Each record beneath this sentence is to be transcribed exactly as it reads.

::: Dataset extract

(* Let $I\subset\mathbb{R}$ be an open interval and let $f:I\to\mathbb{R}$ be a strictly convex function of class $C^{3}$ (i.e. $f''>0$ on $I$), with graph $X$. Then $f$ is a quadratic polynomial if and only if $X$ satisfies the following Condition (B): for every sufficiently small $k>0$, letting $X_k$ denote the graph of $y=f(x)+k$, for every point $V$ on $X_k$ the tangent line to $X_k$ at $V$ meets $X$ at two points $A$ and $B$, and the area of the region bounded by $X$ and the chord $AB$ is a number $\phi(k)$ depending only on $k$ (independent of the choice of $V$).
   Context: The "region bounded by $X$ and the chord $AB$" is the region enclosed by the arc of $X$ between $A$ and $B$ and the segment $AB$. *)

theory Defs
  imports "HOL-Analysis.Analysis"
begin

definition tangent_line :: "(real \<Rightarrow> real) \<Rightarrow> real \<Rightarrow> real \<Rightarrow> real \<Rightarrow> real" where
  "tangent_line f k v x = f v + k + deriv f v * (x - v)"

definition condition_B :: "real set \<Rightarrow> (real \<Rightarrow> real) \<Rightarrow> bool" where
  "condition_B I f \<longleftrightarrow>
     (\<exists>\<delta>>0. \<exists>\<phi> :: real \<Rightarrow> real. \<forall>k. 0 < k \<and> k < \<delta> \<longrightarrow>
        (\<forall>v\<in>I. \<forall>\<alpha> \<beta>. \<alpha> < \<beta> \<and> {x\<in>I. f x = tangent_line f k v x} = {\<alpha>, \<beta>} \<longrightarrow>
            integral {\<alpha>..\<beta>} (\<lambda>x. tangent_line f k v x - f x) = \<phi> k))"
lemma u_of_in_krvI:
  assumes "cyc_partial X \<Gamma> \<in> freeLie" and "cyc_partial Y \<Gamma> \<in> freeLie"
    and "tr_zero (lie_partial X (cyc_partial Y \<Gamma>) - lie_partial Y (cyc_partial X \<Gamma>))"
  shows "u_of \<Gamma> \<in> krv"
proof -
  have "is_Der_L (u_of \<Gamma>)"
    unfolding u_of_def using assms(1,2) by (intro is_Der_L_der_ext freeLie_uminus)
  moreover have "div_rep (u_of \<Gamma>) = lie_partial X (cyc_partial Y \<Gamma>) - lie_partial Y (cyc_partial X \<Gamma>)"
    by (simp add: div_rep_def u_of_def der_ext_gn lie_partial_uminus)
  ultimately show ?thesis
    using assms(3) by (simp add: krv_def u_of_bracket_gn_X_gn_Y)
qed

section \<open>Cyclic derivatives of delta\<close>

definition ady_x :: "nat \<Rightarrow> A" where
  "ady_x k = (ad (gn Y) ^^ k) (gn X)"

lemma ady_x_0: "ady_x 0 = gn X"
  by (simp add: ady_x_def)

lemma ady_x_Suc: "ady_x (Suc k) = gn Y * ady_x k - ady_x k * gn Y"
  by (simp add: ady_x_def ad_def bracket_def)

lemma ady_x_in_freeLie: "ady_x k \<in> freeLie"
  by (induction k) (simp_all add: ady_x_def ad_def freeLie.gen freeLie.brk)

lemma delta_eq_ady_x: "delta n = gn X * ady_x (2 * n)"
  by (simp add: delta_def ady_x_def)

lemma funpow_ad_Suc_right: "(ad (gn Y) ^^ Suc i) V = (ad (gn Y) ^^ i) (gn Y * V - V * gn Y)"
  by (simp add: funpow_Suc_right ad_def bracket_def del: funpow.simps)

lemma cyc_insert_X_ady_x: "cyc_insert X (ady_x m) V = (-1) ^ m * (ad (gn Y) ^^ m) V"
proof (induction m arbitrary: V)
  case 0
  then show ?case by (simp add: ady_x_0 cyc_insert_gn)
next
  case (Suc m)
  have "cyc_insert X (ady_x (Suc m)) V = - cyc_insert X (ady_x m) (gn Y * V - V * gn Y)"
    by (simp add: ady_x_Suc cyc_insert_diff cyc_insert_mult cyc_insert_gn cyc_insert_diff_right)
  also have "\<dots> = (-1) ^ Suc m * (ad (gn Y) ^^ Suc m) V"
    by (simp only: Suc.IH funpow_ad_Suc_right) simp
  finally show ?case .
qed
(* Let $W$ be a neat, upward-restricted layered wheel with rooted tree $T$. Then every class $\mathcal F$ of finite induced subgraphs of $W$ that satisfies the bounded-branch property in $W$ has bounded treewidth (i.e., there is a constant $c$ with $\operatorname{tw}(G')\le c$ for all $G'\in\mathcal F$).
   Context: A layered wheel is a countably infinite graph $W$ on the same vertex set as a countably infinite, locally finite (every node has finite degree) rooted tree $T$ embedded in the plane, such that: (1) for every natural number $n$, the set $L_n$ of nodes at distance $n$ from the root of $T$ (the $n$-th layer) induces in $W$ a finite path which visits the nodes of $L_n$ in the left-to-right order given by the planar embedding of $T$; the edges of $W$ with both endpoints in a common layer are the layer edges, and their set is denoted $E_L$; (2) every edge of $W$ not in $E_L$ joins two nodes one of which is an ancestor of the other in $T$; (3) there is a finite bound on the number of vertices of any path in $T$ consisting only of nodes of degree $2$ in $T$. A node is considered its own ancestor and descendant. $W$ is neat if $T$ has no leaf. $W$ is upward-restricted if there is an integer $t$ such that for every node $v$ of $T$ there is a set $X_v$ of at most $t$ ancestors of $v$ such that, in $W - E_L$, every edge with exactly one endpoint among the descendants of $v$ has its other endpoint in $X_v$. A downward path in $T$ starting at $v$ is a maximal (possibly infinite) path starting at $v$ that iteratively moves from the current node to one of its children as long as the current node is not a leaf. A family $\mathcal F$ of induced subgraphs of $W$ satisfies the bounded-branch property (in $W$) if there is an integer $h$ such that for every $G'\in\mathcal F$ and every $v\in V(T)$ (not necessarily in $V(G')$), there is a downward path in $T$ starting at $v$ containing at most $h$ vertices of $G'$. *)

theory Defs
  imports Main "HOL-Library.Countable_Set"
begin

::::::

* **Solution to this problem**
(* Let $I\subset\mathbb{R}$ be an open interval and let $f:I\to\mathbb{R}$ be a strictly convex function of class $C^{3}$ (i.e. $f''>0$ on $I$), with graph $X$. Then $f$ is a quadratic polynomial if and only if $X$ satisfies the following Condition (B): for every sufficiently small $k>0$, letting $X_k$ denote the graph of $y=f(x)+k$, for every point $V$ on $X_k$ the tangent line to $X_k$ at $V$ meets $X$ at two points $A$ and $B$, and the area of the region bounded by $X$ and the chord $AB$ is a number $\phi(k)$ depending only on $k$ (independent of the choice of $V$).
   Context: The "region bounded by $X$ and the chord $AB$" is the region enclosed by the arc of $X$ between $A$ and $B$ and the segment $AB$. *)

theory Defs
  imports "HOL-Analysis.Analysis"
begin

definition tangent_line :: "(real \<Rightarrow> real) \<Rightarrow> real \<Rightarrow> real \<Rightarrow> real \<Rightarrow> real" where
  "tangent_line f k v x = f v + k + deriv f v * (x - v)"

definition condition_B :: "real set \<Rightarrow> (real \<Rightarrow> real) \<Rightarrow> bool" where
  "condition_B I f \<longleftrightarrow>
     (\<exists>\<delta>>0. \<exists>\<phi> :: real \<Rightarrow> real. \<forall>k. 0 < k \<and> k < \<delta> \<longrightarrow>
        (\<forall>v\<in>I. \<forall>\<alpha> \<beta>. \<alpha> < \<beta> \<and> {x\<in>I. f x = tangent_line f k v x} = {\<alpha>, \<beta>} \<longrightarrow>
            integral {\<alpha>..\<beta>} (\<lambda>x. tangent_line f k v x - f x) = \<phi> k))"
lemma u_of_in_krvI:
  assumes "cyc_partial X \<Gamma> \<in> freeLie" and "cyc_partial Y \<Gamma> \<in> freeLie"
    and "tr_zero (lie_partial X (cyc_partial Y \<Gamma>) - lie_partial Y (cyc_partial X \<Gamma>))"
  shows "u_of \<Gamma> \<in> krv"
proof -
  have "is_Der_L (u_of \<Gamma>)"
    unfolding u_of_def using assms(1,2) by (intro is_Der_L_der_ext freeLie_uminus)
  moreover have "div_rep (u_of \<Gamma>) = lie_partial X (cyc_partial Y \<Gamma>) - lie_partial Y (cyc_partial X \<Gamma>)"
    by (simp add: div_rep_def u_of_def der_ext_gn lie_partial_uminus)
  ultimately show ?thesis
    using assms(3) by (simp add: krv_def u_of_bracket_gn_X_gn_Y)
qed

section \<open>Cyclic derivatives of delta\<close>

definition ady_x :: "nat \<Rightarrow> A" where
  "ady_x k = (ad (gn Y) ^^ k) (gn X)"

lemma ady_x_0: "ady_x 0 = gn X"
  by (simp add: ady_x_def)

lemma ady_x_Suc: "ady_x (Suc k) = gn Y * ady_x k - ady_x k * gn Y"
  by (simp add: ady_x_def ad_def bracket_def)

lemma ady_x_in_freeLie: "ady_x k \<in> freeLie"
  by (induction k) (simp_all add: ady_x_def ad_def freeLie.gen freeLie.brk)

lemma delta_eq_ady_x: "delta n = gn X * ady_x (2 * n)"
  by (simp add: delta_def ady_x_def)

lemma funpow_ad_Suc_right: "(ad (gn Y) ^^ Suc i) V = (ad (gn Y) ^^ i) (gn Y * V - V * gn Y)"
  by (simp add: funpow_Suc_right ad_def bracket_def del: funpow.simps)

lemma cyc_insert_X_ady_x: "cyc_insert X (ady_x m) V = (-1) ^ m * (ad (gn Y) ^^ m) V"
proof (induction m arbitrary: V)
  case 0
  then show ?case by (simp add: ady_x_0 cyc_insert_gn)
next
  case (Suc m)
  have "cyc_insert X (ady_x (Suc m)) V = - cyc_insert X (ady_x m) (gn Y * V - V * gn Y)"
    by (simp add: ady_x_Suc cyc_insert_diff cyc_insert_mult cyc_insert_gn cyc_insert_diff_right)
  also have "\<dots> = (-1) ^ Suc m * (ad (gn Y) ^^ Suc m) V"
    by (simp only: Suc.IH funpow_ad_Suc_right) simp
  finally show ?case .
qed
(* Let $W$ be a neat, upward-restricted layered wheel with rooted tree $T$. Then every class $\mathcal F$ of finite induced subgraphs of $W$ that satisfies the bounded-branch property in $W$ has bounded treewidth (i.e., there is a constant $c$ with $\operatorname{tw}(G')\le c$ for all $G'\in\mathcal F$).
   Context: A layered wheel is a countably infinite graph $W$ on the same vertex set as a countably infinite, locally finite (every node has finite degree) rooted tree $T$ embedded in the plane, such that: (1) for every natural number $n$, the set $L_n$ of nodes at distance $n$ from the root of $T$ (the $n$-th layer) induces in $W$ a finite path which visits the nodes of $L_n$ in the left-to-right order given by the planar embedding of $T$; the edges of $W$ with both endpoints in a common layer are the layer edges, and their set is denoted $E_L$; (2) every edge of $W$ not in $E_L$ joins two nodes one of which is an ancestor of the other in $T$; (3) there is a finite bound on the number of vertices of any path in $T$ consisting only of nodes of degree $2$ in $T$. A node is considered its own ancestor and descendant. $W$ is neat if $T$ has no leaf. $W$ is upward-restricted if there is an integer $t$ such that for every node $v$ of $T$ there is a set $X_v$ of at most $t$ ancestors of $v$ such that, in $W - E_L$, every edge with exactly one endpoint among the descendants of $v$ has its other endpoint in $X_v$. A downward path in $T$ starting at $v$ is a maximal (possibly infinite) path starting at $v$ that iteratively moves from the current node to one of its children as long as the current node is not a leaf. A family $\mathcal F$ of induced subgraphs of $W$ satisfies the bounded-branch property (in $W$) if there is an integer $h$ such that for every $G'\in\mathcal F$ and every $v\in V(T)$ (not necessarily in $V(G')$), there is a downward path in $T$ starting at $v$ containing at most $h$ vertices of $G'$. *)

theory Defs
  imports Main "HOL-Library.Countable_Set"
begin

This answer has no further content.